Discussion in 'Digital Photography' started by danlobl, Sep 27, 2011.

  1. danlobl macrumors newbie

    Sep 27, 2011
    I am brand new to Lightroom and as I am starting my transition from iPhoto over to Lightroom I am noticing a few things I miss. Foremost I miss the "Events" view in iPhoto and Aperture that organized photo imports graphically (and with a key photo as an icon) based on the event the photos were from, rather than the date. Is there any functionality in Lightroom for something like this? How are people handling this? I know there are tons of options out there.

    It seems that when I import into my catalogue I see on the left, my hard drive, under that is a year (2011) and under that are dates of photos that were imported. If I click the date, I get those photos into a grid view. What I think I would like is a list of events under the hard drive (like "Zoo, Paris Trip, Jill's Birthday Party, Machu Picchu, etc), possibly with dates under that? I thought I could achieve that with "folders", but when I import to a subfolder, it just makes another level deep on the directory structure on disk, but it doesn't show up in the interface. Instead it seperated dates under a different year, making a huge mess.

    I must be missing something easy. Events seem like a nice way to browse through photos by memory. I guess I could use collections for this, but I don't think they are hierarchical.

    Anyone have good ways to work in the familiar iPhoto workflow? And what about getting photos into an iPhone or iPad? Are people exporting photos and importing them into iPhoto to get them on your phone? Seems pretty inconvenient in a lightroom workflow.

    Thanks for any help!
  2. marsmissions macrumors 6502


    Jan 5, 2010
    Washington, US
    Change Organize "By Date" on import dialogue into organize "into one folder"

    Also, make a new folder for every import. When I import, my files get imported into a subfolder that I type out, all inside of the 2011 folder in my pictures folder.

    Also, you can simply select all of your photos, and on the left hand column of the library pane, select the "plus" icon above "collections" and make sure "include selected photos" is checked. This will allow you to have something even closer to the events interface.

    What you lose in convenience you gain in functionality. iPhoto is a powerful image viewing application with some editing ability, while Lightroom is a powerful image editing application with some viewing characteristics.

    Also, google some lightroom video tutorials, they helped me a ton. Start with importing, and finish with editing basics :)
  3. acearchie macrumors 68040


    Jan 15, 2006
    I have been using Lightroom for nearly 8 months and one of the things that I would like to do is instead of having the folders in the left hand bar under 2011 sorted by name I would like them sorted by date.

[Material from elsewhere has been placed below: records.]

(* Let $n\ge 1$, let $N=2^{n+1}+1$, and let $a$ be an integer; put $x=2^n+a+1$, all vertex indices being taken modulo $N$. Let $D$ be the symmetric cycle of order $N$ on vertices $v_0,v_1,\dots,v_{N-1}$ (i.e. with the arcs $v_iv_{i+1}$ and $v_{i+1}v_i$ for all $i$) together with the two asymmetric arcs $v_0v_{2^n}$ and $v_xv_a$. Let $D'$ be a disjoint copy of $D$, where $v'_i\in V(D')$ is the copy of $v_i\in V(D)$. Then the cyclic Haj\'os identification $H=(D,v_x,v_a)\otimes(D',v'_0,v'_{2^n})$ is the symmetric cycle of order $N$ on $v_0,\dots,v_{N-1}$ together with the two asymmetric arcs $v_0v_{2^n}$ and $v_{2^n+2a+1}v_{2a}$.
   Context: Digraphs are finite, without loops or multiple arcs. An arc $uv$ is symmetric if $vu$ is also an arc, and asymmetric otherwise. For a digraph $D$ and a nonempty independent set $I$ of vertices, identifying $I$ means: delete $I$, add a new vertex $v$ (which may keep the label of one vertex of $I$), and add all arcs from $v$ to $\bigcup_{u\in I}N^+(u)$ and from $\bigcup_{u\in I}N^-(u)$ to $v$. The directed Haj\'os join $(D_1,u_1,v_1)\triangledown(D_2,v_2,u_2)$ of disjoint digraphs $D_1,D_2$ with $u_1v_1\in A(D_1)$, $v_2u_2\in A(D_2)$ is obtained from the disjoint union by deleting the arcs $u_1v_1$ and $v_2u_2$, identifying $v_1$ and $v_2$ into one vertex, and adding the arc $u_1u_2$. Cyclic Haj\'os identification: let $D,D'$ be disjoint digraphs of the same order $N$ with vertex sets $\{v_0,\dots,v_{N-1}\}$ and $\{v'_0,\dots,v'_{N-1}\}$, and let $v_iv_j\in A(D)$, $v'_kv'_l\in A(D')$ with $i\ne j$, $k\ne l$ and $j-i\ne k-l$. Then $(D,v_i,v_j)\otimes(D',v'_k,v'_l)$ is the digraph obtained from the directed Haj\'os join $(D,v_i,v_j)\triangledown(D',v'_k,v'_l)$ (where $v_j$ and $v'_k$ are identified into $v_j$) by performing, for $r=1,\dots,N-1$, the identification of $v'_{k+r}$ and $v_{j+r}$ into the vertex $v_{j+r}$, indices taken modulo $N$. *)

theory Defs
  imports Main
begin

type_synonym 'a digraph = "'a set \<times> ('a \<times> 'a) set"

text \<open>Identification of a nonempty independent set I into a new vertex w
  (w is either one of the vertices of I, keeping its label, or a fresh vertex).
  Undefined (None) if the preconditions fail.\<close>
definition identify :: "'a set \<Rightarrow> 'a \<Rightarrow> 'a digraph \<Rightarrow> 'a digraph option" where
  "identify I w G =
    (if I \<noteq> {} \<and> I \<subseteq> fst G \<and> (\<forall>p\<in>I. \<forall>q\<in>I. (p, q) \<notin> snd G)
        \<and> (w \<in> I \<or> w \<notin> fst G)
     then Some ((fst G - I) \<union> {w},
                {(p, q) \<in> snd G. p \<notin> I \<and> q \<notin> I}
                \<union> {(w, q) | u q. u \<in> I \<and> (u, q) \<in> snd G}
                \<union> {(p, w) | p u. u \<in> I \<and> (p, u) \<in> snd G})
     else None)"

text \<open>Directed Hajos join (D1,u1,v1) join (D2,v2,u2); v1 and v2 are identified into v1.\<close>
definition hajos_join ::
  "'a digraph \<Rightarrow> 'a \<Rightarrow> 'a \<Rightarrow> 'a digraph \<Rightarrow> 'a \<Rightarrow> 'a \<Rightarrow> 'a digraph option" where
  "hajos_join D1 u1 v1 D2 v2 u2 =
    (if fst D1 \<inter> fst D2 = {} \<and> (u1, v1) \<in> snd D1 \<and> (v2, u2) \<in> snd D2
     then map_option (\<lambda>G. (fst G, snd G \<union> {(u1, u2)}))
            (identify {v1, v2} v1
               (fst D1 \<union> fst D2, (snd D1 - {(u1, v1)}) \<union> (snd D2 - {(v2, u2)})))
     else None)"

text \<open>Cyclic Hajos identification (D,v_i,v_j) (x) (D',v'_k,v'_l), where
  v, v' enumerate the vertices of D, D' (indices taken modulo N).\<close>
definition cyclic_hajos ::
  "int \<Rightarrow> (int \<Rightarrow> 'a) \<Rightarrow> 'a digraph \<Rightarrow> int \<Rightarrow> int \<Rightarrow>
          (int \<Rightarrow> 'a) \<Rightarrow> 'a digraph \<Rightarrow> int \<Rightarrow> int \<Rightarrow> 'a digraph option" where
  "cyclic_hajos N v D i j v' D' k l =
    (if N \<ge> 1 \<and> bij_betw v {0..<N} (fst D) \<and> bij_betw v' {0..<N} (fst D')
        \<and> i mod N \<noteq> j mod N \<and> k mod N \<noteq> l mod N \<and> (j - i) mod N \<noteq> (k - l) mod N
     then fold (\<lambda>r G. Option.bind G
                  (identify {v' ((k + r) mod N), v ((j + r) mod N)} (v ((j + r) mod N))))
            [1..N - 1]
            (hajos_join D (v (i mod N)) (v (j mod N)) D' (v' (k mod N)) (v' (l mod N)))
     else None)"

definition sym_cycle :: "int \<Rightarrow> (int \<Rightarrow> 'a) \<Rightarrow> ('a \<times> 'a) set" where
  "sym_cycle N v =
     {(v i, v ((i + 1) mod N)) | i. 0 \<le> i \<and> i < N}
   \<union> {(v ((i + 1) mod N), v i) | i. 0 \<le> i \<and> i < N}"

definition cycle_plus_two :: "int \<Rightarrow> (int \<Rightarrow> 'a) \<Rightarrow> int \<Rightarrow> int \<Rightarrow> int \<Rightarrow> int \<Rightarrow> 'a digraph" where
  "cycle_plus_two N v p q s t =
     (v ` {0..<N}, sym_cycle N v \<union> {(v (p mod N), v (q mod N)), (v (s mod N), v (t mod N))})"

end

theory Submission
  imports Defs
begin

(* Identifying an independent set I into w in a digraph whose arcs are the image of a set B
   under a vertex map f gives the image of B under f followed by "I to w". Hence the Hajos join
   (step 0) and the identification steps r = 1, ..., N - 1 produce the image of
   B = (D - v_x v_a) + (D' - v'_0 v'_(2^n)) + v_x v'_(2^n) under the map v'_t to v_(t+a), as long
   as that image has no loops; this is exactly what keeps each identified pair independent.
   Under this map the cycle of D' becomes a rotation of the cycle of D, the new arc v_x v'_(2^n)
   becomes the cycle arc v_x v_(x-1), the arc v_0 v_(2^n) of D survives, and the arc v'_x v'_a
   of D' becomes v_(2^n+2a+1) v_(2a). *)

lemma identify_image:
  assumes "w \<in> I" "I \<subseteq> f ` V" and indep: "\<forall>(p, q) \<in> B. f p \<in> I \<longrightarrow> f q \<notin> I"
  defines "h \<equiv> \<lambda>z. if f z \<in> I then w else f z"
  shows "identify I w (f ` V, map_prod f f ` B) = Some (h ` V, map_prod h h ` B)"
proof -
  have "(f ` V - I) \<union> {w} = h ` V"
    using assms(1,2) unfolding h_def by (auto simp: image_iff)
  moreover have
    "{(p, q) \<in> map_prod f f ` B. p \<notin> I \<and> q \<notin> I}
     \<union> {(w, q) | u q. u \<in> I \<and> (u, q) \<in> map_prod f f ` B}
     \<union> {(p, w) | p u. u \<in> I \<and> (p, u) \<in> map_prod f f ` B} = map_prod h h ` B"
    (is "?L = _")
  proof (intro equalityI subsetI)
    fix e assume "e \<in> ?L"
    then obtain p q where pq: "(p, q) \<in> B"
      and "e = (f p, f q) \<and> f p \<notin> I \<and> f q \<notin> I \<or> e = (w, f q) \<and> f p \<in> I
           \<or> e = (f p, w) \<and> f q \<in> I"
      by auto
    moreover have "\<not> (f p \<in> I \<and> f q \<in> I)" using indep pq by auto
    ultimately show "e \<in> map_prod h h ` B"
      unfolding h_def by (auto intro!: image_eqI[OF _ pq])
  next
    fix e assume "e \<in> map_prod h h ` B"
    then obtain p q where "(p, q) \<in> B" "e = (h p, h q)" by auto
    with indep show "e \<in> ?L"
      unfolding h_def by (cases "f p \<in> I"; cases "f q \<in> I") (auto 0 4 simp: image_iff)
  qed
  ultimately show ?thesis
    using assms(1-3) unfolding identify_def by auto
qed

    It may be just the way my brain works but I find it much easier to remember things chronologically rather than by name i.e. it makes much more sense to relate to it by date, christmas photo's in december before easter photo's etc. than having to remember that I called my christmas photo's "Christmas" instead of "Party at Christmas". (not a great example but you get what I mean!)

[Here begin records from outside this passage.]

lemma chain_weight_attained:
  assumes "finite V" and "v \<in> V"
  obtains C where "C \<in> chains_below V R v" "chain_weight V R g v = sum g C"
proof -
  have "chain_weight V R g v \<in> sum g ` chains_below V R v"
    unfolding chain_weight_def using assms
    by (intro Max_in) (auto simp: finite_chains_below dest: singleton_chain_below)
  then show ?thesis using that by auto
qed

text \<open>Recursion for the chain weight: \<open>v\<close>'s own weight plus the best weight below \<open>v\<close>.\<close>
abbreviation pred_weight :: "'a set \<Rightarrow> ('a \<times> 'a) set \<Rightarrow> ('a \<Rightarrow> nat) \<Rightarrow> 'a \<Rightarrow> nat" where
  "pred_weight V R g v \<equiv> Max (insert 0 (chain_weight V R g ` {u\<in>V. (u,v) \<in> R}))"

lemma chain_weight_le_rec:
  assumes fin: "finite V" and tr: "trans R" and RV: "R \<subseteq> V \<times> V" and v: "v \<in> V"
  shows "chain_weight V R g v \<le> g v + pred_weight V R g v"
proof -
  obtain C where C: "C \<in> chains_below V R v" "chain_weight V R g v = sum g C"
    using chain_weight_attained[OF fin v] by blast
  have finC: "finite C" using C fin unfolding chains_below_def by (auto intro: finite_subset)
  define C' where "C' = C - {v}"
  have sum_split: "sum g C = g v + sum g C'"
    unfolding C'_def using C finC unfolding chains_below_def by (simp add: sum.remove)
  show ?thesis
  proof (cases "C' = {}")
    case True then show ?thesis using C sum_split by simp
  next
    case False
    have chain': "is_chain R C'" using C unfolding chains_below_def is_chain_def C'_def by auto
    obtain u where u: "u \<in> C'" "\<forall>x\<in>C'. x = u \<or> (x,u) \<in> R"
      using chain_has_top[OF tr _ False chain'] finC C'_def by auto
    have uv: "(u,v) \<in> R" and uV: "u \<in> V" using u C RV unfolding chains_below_def C'_def by auto
    have "C' \<in> chains_below V R u" using u chain' C unfolding chains_below_def C'_def by auto
    then have "sum g C' \<le> chain_weight V R g u" using chain_weight_ge[OF fin] by auto
    also have "\<dots> \<le> pred_weight V R g v" using uv uV fin by (intro Max_ge) auto
    finally show ?thesis using C sum_split by simp
  qed
qed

    Is there anyway to do this?
  4. Edge100 macrumors 68000

    May 14, 2002
    Where am I???
    My advice would be to avoid using folders altogether, and use collections and collection sets, which can be ordered in any way you'd like

    Import your images into a folder with a date and a descriptive name, for example:

    Pictures > 20110928 - Party > RAW

    As soon as you import the images, create a collection set called '20110928 - Party' and a collection within that set called 'Full Shoot'. Drag all of the imported images into that collection. Now go through and cull the images using flag (shortcut 'P') or reject (shortcut 'X). When you're done, filter the flagged images, and create a new collection within the original set called 'Keepers', and add the flagged images to this collection.

    Now you're ready to edit. I find that in the editing process, there will be images that I decide not to continue with. Therefore, I create another collection called 'Final Output', which gets only the images that get delivered to the client or shared in some way. Once I have a final batch of images to share, I batch rename these, with a number to indicate sequence. This way, the client only sees a sequential set of image numbers, and doesn't know that I culled from 600 shots down to 200, or whatever.

    With this type of setup, you never have to deal with folders at all. You can ever create a larger collection set that holds all of your 'shoot' collection sets (such as the one I created above). And these sets can be ordered in whatever way you'd like.
  5. flynz4 macrumors 68040

    Aug 9, 2009
    Portland, OR
    I use Aperture 3 (not lightroom).... but what you are asking is really not specific to any single program.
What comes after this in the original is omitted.